Saias. Foto de Vitor Damiani
Foto: Vitor Damiani

How does the skirt challenge homogenizing norms?
Skirts are there as an essential element in almost every expression of Afro-Brazilian culture. They allow bodies to move freely as they spin and create spontaneous movements. More than pieces of clothing, they make up and give meaning to the movements in the dance of the orixás, jongo, coco alagoano, samba de roda, and ciranda. The skirts and headdresses are the highlight of the show. The body brings the skirt to life, acting as a bridge for knowledge and experiences to spin and become grounded. The physicality here reveals bodies that are free from the norms that aim to homogenize differences: a body that spins, rejoices, moves more freely and with more self-awareness, plays, and shares with others. A body that is a celebration, unconditioned by the aesthetic constraints imposed on us at a time that is increasingly restraining our own identity, experiences, pathways, and stories. The skirt spins what we really are.
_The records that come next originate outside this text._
(* Under the saturation assumption below, each of the quantities $A_1=\sum_{\mathcal I\in\overline{\mathbb I}^*}\overline E_{\mathcal I}$, $A_2=1+\sum_{\mathcal I\in\mathbb I}T_{\mathcal I}$, $B_1=\sum_{\mathcal I\in\mathbb I^*}E_{\mathcal I}$, $B_2=1+\sum_{\mathcal I\in\overline{\mathbb I}}\overline T_{\mathcal I}$, $C_1=\sum_{\mathcal I\in\mathbb I^{-*}}E_{\mathcal I}$ (viewed as functions of $\delta\in(0,\bar\delta]$) can be written as $P(\delta)/D(\delta)$, where $P$ and $D$ are polynomials in $\delta$, $D$ is a finite product of factors of the form $|\alpha_{\mathcal E(\mathcal I)}|-|\alpha_{\mathcal I}|$ ($\mathcal I\in\mathbb I$) or $|\alpha_{\overline{\mathcal E}(\mathcal I)}|-|\alpha_{\mathcal I}|$ ($\mathcal I\in\overline{\mathbb I}$), and the constant term of $P$ is positive, i.e. $P(0)>0$.
   Context: A matching model: finite connected simple graph $\mathcal G=(\mathcal V,\xi)$, $\mathcal V=\{1,\dots,n\}$, arrival distribution $\alpha$ on $\mathcal V$; FCFS policy (an arriving item of class $i$ is matched with the oldest present item whose class is a neighbour of $i$, otherwise it waits). $\mathcal E(i)$ is the neighbour set of $i$ in $\mathcal G$, $\mathcal E(V)=\bigcup_{i\in V}\mathcal E(i)$, $|\alpha_V|=\sum_{i\in V}\alpha_i$. An independent set is a non-empty set of pairwise non-adjacent nodes; $\mathbb I$ is the set of independent sets of $\mathcal G$. Fix distinct non-adjacent nodes $i^*,j^*$; $\overline{\mathcal G}$ is $\mathcal G$ with edge $\{i^*,j^*\}$ added, with neighbourhood map $\overline{\mathcal E}$ and set of independent sets $\overline{\mathbb I}$. $\mathbb I^*=\{\mathcal I\in\mathbb I: i^*\in\mathcal I\text{ or }j^*\in\mathcal I\}$, $\mathbb I^{-*}=\mathbb I\setminus\mathbb I^*$, $\overline{\mathbb I}^*=\{\mathcal I\in\overline{\mathbb I}: i^*\in\mathcal I\text{ or }j^*\in\mathcal I\}$. For $\mathcal I\in\mathbb I$ and an ordering $(i_1,\dots,i_m)$ of $\mathcal I$, with $\mathcal I_k=\{i_1,\dots,i_k\}$, set $T_{(i_1,\dots,i_m)}=\prod_{k=1}^m\frac{\alpha_{i_k}}{|\alpha_{\mathcal E(\mathcal I_k)}|-|\alpha_{\mathcal I_k}|}$ and $E_{(i_1,\dots,i_m)}=\sum_{l=1}^m\frac{|\alpha_{\mathcal E(\mathcal I_l)}|}{|\alpha_{\mathcal E(\mathcal I_l)}|-|\alpha_{\mathcal I_l}|}T_{(i_1,\dots,i_m)}$; $T_{\mathcal I}$, $E_{\mathcal I}$ are the sums over all orderings of $\mathcal I$. $\overline T_{\mathcal I},\overline E_{\mathcal I}$ ($\mathcal I\in\overline{\mathbb I}$) are defined identically with $\mathcal E$ replaced by $\overline{\mathcal E}$. Saturation assumption: $\alpha_i=a_i+b_i\delta$ with constants $a_i>0$, $b_i\in\mathbb R$, such that for all $\delta\in(0,\bar\delta]$ (some $\bar\delta>0$) $\alpha$ is a probability distribution satisfying the stability condition $|\alpha_{\mathcal I}|<|\alpha_{\mathcal E(\mathcal I)}|$ for all $\mathcal I\in\mathbb I$; moreover $\sum_{i\in\mathcal E(\hat{\mathcal I})}a_i-\sum_{i\in\hat{\mathcal I}}a_i=0$ for exactly one independent set $\hat{\mathcal I}\in\mathbb I$ (called saturated). *)

theory Defs
  imports Complex_Main "HOL-Computational_Algebra.Polynomial" "HOL-Combinatorics.Multiset_Permutations"
begin

definition simple_graph :: "nat set \<Rightarrow> (nat \<Rightarrow> nat \<Rightarrow> bool) \<Rightarrow> bool" where
  "simple_graph V G \<longleftrightarrow> finite V \<and> V \<noteq> {} \<and>
     (\<forall>i j. G i j \<longrightarrow> i \<in> V \<and> j \<in> V) \<and> (\<forall>i j. G i j \<longrightarrow> G j i) \<and> (\<forall>i. \<not> G i i)"

definition graph_connected :: "nat set \<Rightarrow> (nat \<Rightarrow> nat \<Rightarrow> bool) \<Rightarrow> bool" where
  "graph_connected V G \<longleftrightarrow> (\<forall>i\<in>V. \<forall>j\<in>V. (i, j) \<in> {(x, y). G x y}\<^sup>*)"

definition add_edge :: "(nat \<Rightarrow> nat \<Rightarrow> bool) \<Rightarrow> nat \<Rightarrow> nat \<Rightarrow> nat \<Rightarrow> nat \<Rightarrow> bool" where
  "add_edge G i j = (\<lambda>x y. G x y \<or> (x = i \<and> y = j) \<or> (x = j \<and> y = i))"

definition nbrs :: "(nat \<Rightarrow> nat \<Rightarrow> bool) \<Rightarrow> nat set \<Rightarrow> nat set" where
  "nbrs G S = (\<Union>i\<in>S. {j. G i j})"

definition indep_sets :: "nat set \<Rightarrow> (nat \<Rightarrow> nat \<Rightarrow> bool) \<Rightarrow> nat set set" where
  "indep_sets V G = {S. S \<noteq> {} \<and> S \<subseteq> V \<and> (\<forall>i\<in>S. \<forall>j\<in>S. \<not> G i j)}"

definition msum :: "(nat \<Rightarrow> real) \<Rightarrow> nat set \<Rightarrow> real" where
  "msum \<alpha> S = (\<Sum>i\<in>S. \<alpha> i)"

definition T_ord :: "(nat \<Rightarrow> nat \<Rightarrow> bool) \<Rightarrow> (nat \<Rightarrow> real) \<Rightarrow> nat list \<Rightarrow> real" where
  "T_ord G \<alpha> xs = (\<Prod>k=1..length xs.
      \<alpha> (xs ! (k - 1)) / (msum \<alpha> (nbrs G (set (take k xs))) - msum \<alpha> (set (take k xs))))"

definition E_ord :: "(nat \<Rightarrow> nat \<Rightarrow> bool) \<Rightarrow> (nat \<Rightarrow> real) \<Rightarrow> nat list \<Rightarrow> real" where
  "E_ord G \<alpha> xs = (\<Sum>l=1..length xs.
      msum \<alpha> (nbrs G (set (take l xs))) /
        (msum \<alpha> (nbrs G (set (take l xs))) - msum \<alpha> (set (take l xs)))) * T_ord G \<alpha> xs"

definition T_set :: "(nat \<Rightarrow> nat \<Rightarrow> bool) \<Rightarrow> (nat \<Rightarrow> real) \<Rightarrow> nat set \<Rightarrow> real" where
  "T_set G \<alpha> I = (\<Sum>xs\<in>permutations_of_set I. T_ord G \<alpha> xs)"

definition E_set :: "(nat \<Rightarrow> nat \<Rightarrow> bool) \<Rightarrow> (nat \<Rightarrow> real) \<Rightarrow> nat set \<Rightarrow> real" where
  "E_set G \<alpha> I = (\<Sum>xs\<in>permutations_of_set I. E_ord G \<alpha> xs)"

(* the polynomial in \<delta>:  |\<alpha>_{\<E>(I)}| - |\<alpha>_I|  with \<alpha>_i = a_i + b_i \<delta> *)
definition gap_poly :: "(nat \<Rightarrow> real) \<Rightarrow> (nat \<Rightarrow> real) \<Rightarrow> (nat \<Rightarrow> nat \<Rightarrow> bool) \<Rightarrow> nat set \<Rightarrow> real poly" where
  "gap_poly a b G I = (\<Sum>i\<in>nbrs G I. [:a i, b i:]) - (\<Sum>i\<in>I. [:a i, b i:])"

definition rational_form ::
  "(real \<Rightarrow> real) \<Rightarrow> real \<Rightarrow> real poly set \<Rightarrow> bool" where
  "rational_form Q dbar factors \<longleftrightarrow>
     (\<exists>P D fs. (\<forall>\<delta>\<in>{0<..dbar}. Q \<delta> = poly P \<delta> / poly D \<delta>) \<and>
        D = prod_list fs \<and> set fs \<subseteq> factors \<and> poly P 0 > 0)"

end

theory Submission
  imports Defs
begin

(* Every quantity is built by sums and products from the weights a_i + b_i d and the inverses of
   the gaps |alpha_E(I)| - |alpha_I|, which are linear polynomials in d. Stability makes every gap
   positive on (0, dbar] (for the graph with the extra edge too, since adding an edge only enlarges
   neighbourhoods), so every gap is nonnegative at 0, and only the gap z of the saturated set
   vanishes there: a gap of the enlarged graph vanishing at 0 has the same neighbourhood as in the
   original graph, because a > 0. Hence each quantity is P / (z^k Q) with Q a product of gaps that
   are positive at 0 and P(0) > 0. This shape survives products, and also sums: over the common
   denominator the numerator at 0 is a positive term plus a multiple of z(0)^m >= 0. *)

locale single_pole =
  fixes z :: "real poly" and F :: "real poly set" and d :: real
  assumes pole_nonzero: "\<And>\<delta>. \<delta> \<in> {0<..d} \<Longrightarrow> poly z \<delta> \<noteq> 0"
    and pole_nonneg_0: "poly z 0 \<ge> 0"
    and factor_nonzero: "\<And>r \<delta>. r \<in> F \<Longrightarrow> \<delta> \<in> {0<..d} \<Longrightarrow> poly r \<delta> \<noteq> 0"
    and factor_pos_0: "\<And>r. r \<in> F \<Longrightarrow> poly r 0 > 0"
begin

definition pos_quotient :: "(real \<Rightarrow> real) \<Rightarrow> bool" where
  "pos_quotient f \<longleftrightarrow> (\<exists>P k R. (\<forall>\<delta>\<in>{0<..d}. f \<delta> = poly P \<delta> / (poly z \<delta> ^ k * poly (prod_list R) \<delta>))
     \<and> set R \<subseteq> F \<and> poly P 0 > 0)"

lemma prod_list_factors_nonzero: "set R \<subseteq> F \<Longrightarrow> \<delta> \<in> {0<..d} \<Longrightarrow> poly (prod_list R) \<delta> \<noteq> 0"
  by (induction R) (auto simp: factor_nonzero)

lemma prod_list_factors_pos_0: "set R \<subseteq> F \<Longrightarrow> poly (prod_list R) 0 > 0"
  by (induction R) (auto simp: factor_pos_0)

lemma pos_quotient_cong: "pos_quotient f \<Longrightarrow> (\<And>\<delta>. \<delta> \<in> {0<..d} \<Longrightarrow> f \<delta> = g \<delta>) \<Longrightarrow> pos_quotient g"
  unfolding pos_quotient_def by metis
How do you see the role of dance in today’s society and what can it mobilize or reveal about our times?
In Afro-Brazilian dances, the individual is a unique being, shaped by their ancestry, their body, and their relationships. Orality, circularity, corporeality, and collectivity make up the Afro-diasporic worldview. It is through the dances, the rodas, in the twirling of the skirts, in the chants conversing with the drums, in the terreiros, on the ground that an intrinsic relationship between past, present, and future is established, and where individuals form and strengthen their identity. I believe that Afro-Brazilian dances shed light and invite us to “turn counterclockwise,” questioning and reinventing our lives immersed in urgency and lack of affection. Where bodies and relationships gain new meaning and can make the journey back home — based on the philosophy of Sankofa (looking back and taking back what you forgot), supported by ancestry and corporeality to build other times in which dance is a powerful, sensitive, and conscious path.

Synopsis

Skirts

The beauty of the female world within Brazilian cultural expressions guides the way the show is built. Conceived by Renata de Oliveira and Nil Sena, the piece dives into the universe of Afro-Brazilian dances, especially maracatu, jongo, the symbolism of the orixás, coco alagoano, ijexá, lundu, samba de roda, and ciranda. In each dance-scene, the performers use different languages to bring their physical and emotional experiences to life: original poems, percussion, and songs are articulated through their body movements. The skirts on their bodies are a fundamental element here, representing the power of women while also offering lightness and freedom to twirls and steps. Spinning culture, art, and ancestry, the show evokes the power of the feminine and the spontaneity of folk dances.